** RECORDS SHOWN **
_ _ _ _ _

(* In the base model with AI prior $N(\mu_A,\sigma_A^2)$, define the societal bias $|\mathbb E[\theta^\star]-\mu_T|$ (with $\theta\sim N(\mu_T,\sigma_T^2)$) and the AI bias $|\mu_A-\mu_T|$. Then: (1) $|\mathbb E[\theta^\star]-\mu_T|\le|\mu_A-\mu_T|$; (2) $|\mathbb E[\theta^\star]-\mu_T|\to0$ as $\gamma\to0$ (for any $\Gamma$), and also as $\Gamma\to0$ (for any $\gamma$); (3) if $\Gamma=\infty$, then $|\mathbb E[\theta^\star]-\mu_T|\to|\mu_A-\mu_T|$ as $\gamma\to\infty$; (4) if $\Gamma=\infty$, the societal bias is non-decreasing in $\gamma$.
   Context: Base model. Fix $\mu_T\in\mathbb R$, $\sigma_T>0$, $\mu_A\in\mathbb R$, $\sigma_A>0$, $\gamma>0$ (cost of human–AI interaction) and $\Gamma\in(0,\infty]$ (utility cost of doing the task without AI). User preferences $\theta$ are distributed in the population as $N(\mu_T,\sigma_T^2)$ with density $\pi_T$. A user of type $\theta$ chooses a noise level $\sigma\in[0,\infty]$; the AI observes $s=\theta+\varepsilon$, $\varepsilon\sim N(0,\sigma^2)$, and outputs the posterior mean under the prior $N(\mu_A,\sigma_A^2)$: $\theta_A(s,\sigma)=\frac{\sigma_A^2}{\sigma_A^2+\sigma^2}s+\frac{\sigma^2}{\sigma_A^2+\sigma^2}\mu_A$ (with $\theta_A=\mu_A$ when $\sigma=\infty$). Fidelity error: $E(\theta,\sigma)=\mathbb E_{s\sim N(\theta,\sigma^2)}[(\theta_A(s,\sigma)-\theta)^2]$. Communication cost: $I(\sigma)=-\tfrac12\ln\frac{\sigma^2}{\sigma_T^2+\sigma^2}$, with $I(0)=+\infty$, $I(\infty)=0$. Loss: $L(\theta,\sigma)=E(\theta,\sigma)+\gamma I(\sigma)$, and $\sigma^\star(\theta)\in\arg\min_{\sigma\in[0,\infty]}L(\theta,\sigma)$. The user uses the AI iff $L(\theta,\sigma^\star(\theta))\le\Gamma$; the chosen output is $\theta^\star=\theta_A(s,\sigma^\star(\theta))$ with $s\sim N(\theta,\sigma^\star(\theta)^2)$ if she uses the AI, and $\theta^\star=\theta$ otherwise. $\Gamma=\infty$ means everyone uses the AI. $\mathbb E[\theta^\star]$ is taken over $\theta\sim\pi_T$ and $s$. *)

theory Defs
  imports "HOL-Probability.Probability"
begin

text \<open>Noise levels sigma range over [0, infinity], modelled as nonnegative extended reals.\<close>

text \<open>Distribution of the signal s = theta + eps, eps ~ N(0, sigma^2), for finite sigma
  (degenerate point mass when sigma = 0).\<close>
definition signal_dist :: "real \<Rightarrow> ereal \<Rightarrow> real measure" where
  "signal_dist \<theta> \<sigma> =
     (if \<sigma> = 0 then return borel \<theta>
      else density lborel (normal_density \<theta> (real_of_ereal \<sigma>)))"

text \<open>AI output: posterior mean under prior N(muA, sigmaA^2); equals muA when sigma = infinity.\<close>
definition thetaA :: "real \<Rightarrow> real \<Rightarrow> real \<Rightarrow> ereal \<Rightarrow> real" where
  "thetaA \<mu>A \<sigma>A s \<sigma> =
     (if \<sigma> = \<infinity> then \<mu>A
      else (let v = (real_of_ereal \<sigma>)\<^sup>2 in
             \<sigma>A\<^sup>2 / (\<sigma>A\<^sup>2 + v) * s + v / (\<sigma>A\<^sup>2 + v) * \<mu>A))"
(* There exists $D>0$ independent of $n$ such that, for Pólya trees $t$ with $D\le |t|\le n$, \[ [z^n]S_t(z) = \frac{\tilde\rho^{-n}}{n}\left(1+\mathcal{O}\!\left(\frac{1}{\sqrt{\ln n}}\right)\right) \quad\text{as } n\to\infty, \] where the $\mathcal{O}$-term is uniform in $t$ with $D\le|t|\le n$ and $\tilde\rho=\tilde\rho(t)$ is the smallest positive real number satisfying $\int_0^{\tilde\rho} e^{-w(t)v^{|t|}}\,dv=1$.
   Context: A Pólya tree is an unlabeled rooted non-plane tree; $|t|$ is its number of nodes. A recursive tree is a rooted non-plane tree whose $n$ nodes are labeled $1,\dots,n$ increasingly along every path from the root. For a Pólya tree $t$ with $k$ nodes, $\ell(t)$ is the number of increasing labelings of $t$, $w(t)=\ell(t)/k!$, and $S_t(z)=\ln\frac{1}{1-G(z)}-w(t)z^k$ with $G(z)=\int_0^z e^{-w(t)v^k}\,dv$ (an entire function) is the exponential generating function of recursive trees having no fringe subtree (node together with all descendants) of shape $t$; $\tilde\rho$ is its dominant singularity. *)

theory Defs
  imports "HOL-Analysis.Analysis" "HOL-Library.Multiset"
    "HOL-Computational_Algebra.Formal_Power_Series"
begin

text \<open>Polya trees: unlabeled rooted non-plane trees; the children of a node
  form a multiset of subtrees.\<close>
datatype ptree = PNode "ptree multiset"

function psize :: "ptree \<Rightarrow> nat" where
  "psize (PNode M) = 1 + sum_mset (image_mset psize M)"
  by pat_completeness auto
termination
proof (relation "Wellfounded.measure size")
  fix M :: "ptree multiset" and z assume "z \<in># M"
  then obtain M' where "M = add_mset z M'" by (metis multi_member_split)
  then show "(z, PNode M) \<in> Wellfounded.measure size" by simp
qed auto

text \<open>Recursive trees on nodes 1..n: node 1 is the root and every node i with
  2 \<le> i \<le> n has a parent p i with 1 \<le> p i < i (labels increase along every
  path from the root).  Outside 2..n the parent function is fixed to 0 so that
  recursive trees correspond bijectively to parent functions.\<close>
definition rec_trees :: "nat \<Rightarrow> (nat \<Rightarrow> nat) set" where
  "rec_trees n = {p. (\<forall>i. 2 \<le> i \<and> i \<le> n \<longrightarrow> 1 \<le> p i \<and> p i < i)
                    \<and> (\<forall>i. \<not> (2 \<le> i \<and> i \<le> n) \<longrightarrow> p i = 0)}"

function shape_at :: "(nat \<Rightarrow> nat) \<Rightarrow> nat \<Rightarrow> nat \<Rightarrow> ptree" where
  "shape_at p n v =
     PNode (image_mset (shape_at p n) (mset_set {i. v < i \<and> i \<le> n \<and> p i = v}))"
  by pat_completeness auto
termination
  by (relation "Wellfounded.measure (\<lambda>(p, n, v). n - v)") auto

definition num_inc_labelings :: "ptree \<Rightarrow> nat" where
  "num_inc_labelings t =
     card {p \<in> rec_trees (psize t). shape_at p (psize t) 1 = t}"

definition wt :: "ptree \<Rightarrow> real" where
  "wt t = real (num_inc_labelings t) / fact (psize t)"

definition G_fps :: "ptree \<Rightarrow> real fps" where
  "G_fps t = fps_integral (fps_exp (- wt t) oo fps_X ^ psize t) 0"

_ _ _ _ _

** EXERCISE BRIEF **
Please copy nothing but the lines from the one that holds "rec_trees (psize t)." through the last line of the material above, exactly as written.

** WORKED SOLUTION **
     card {p \<in> rec_trees (psize t). shape_at p (psize t) 1 = t}"

definition wt :: "ptree \<Rightarrow> real" where
  "wt t = real (num_inc_labelings t) / fact (psize t)"

definition G_fps :: "ptree \<Rightarrow> real fps" where
  "G_fps t = fps_integral (fps_exp (- wt t) oo fps_X ^ psize t) 0"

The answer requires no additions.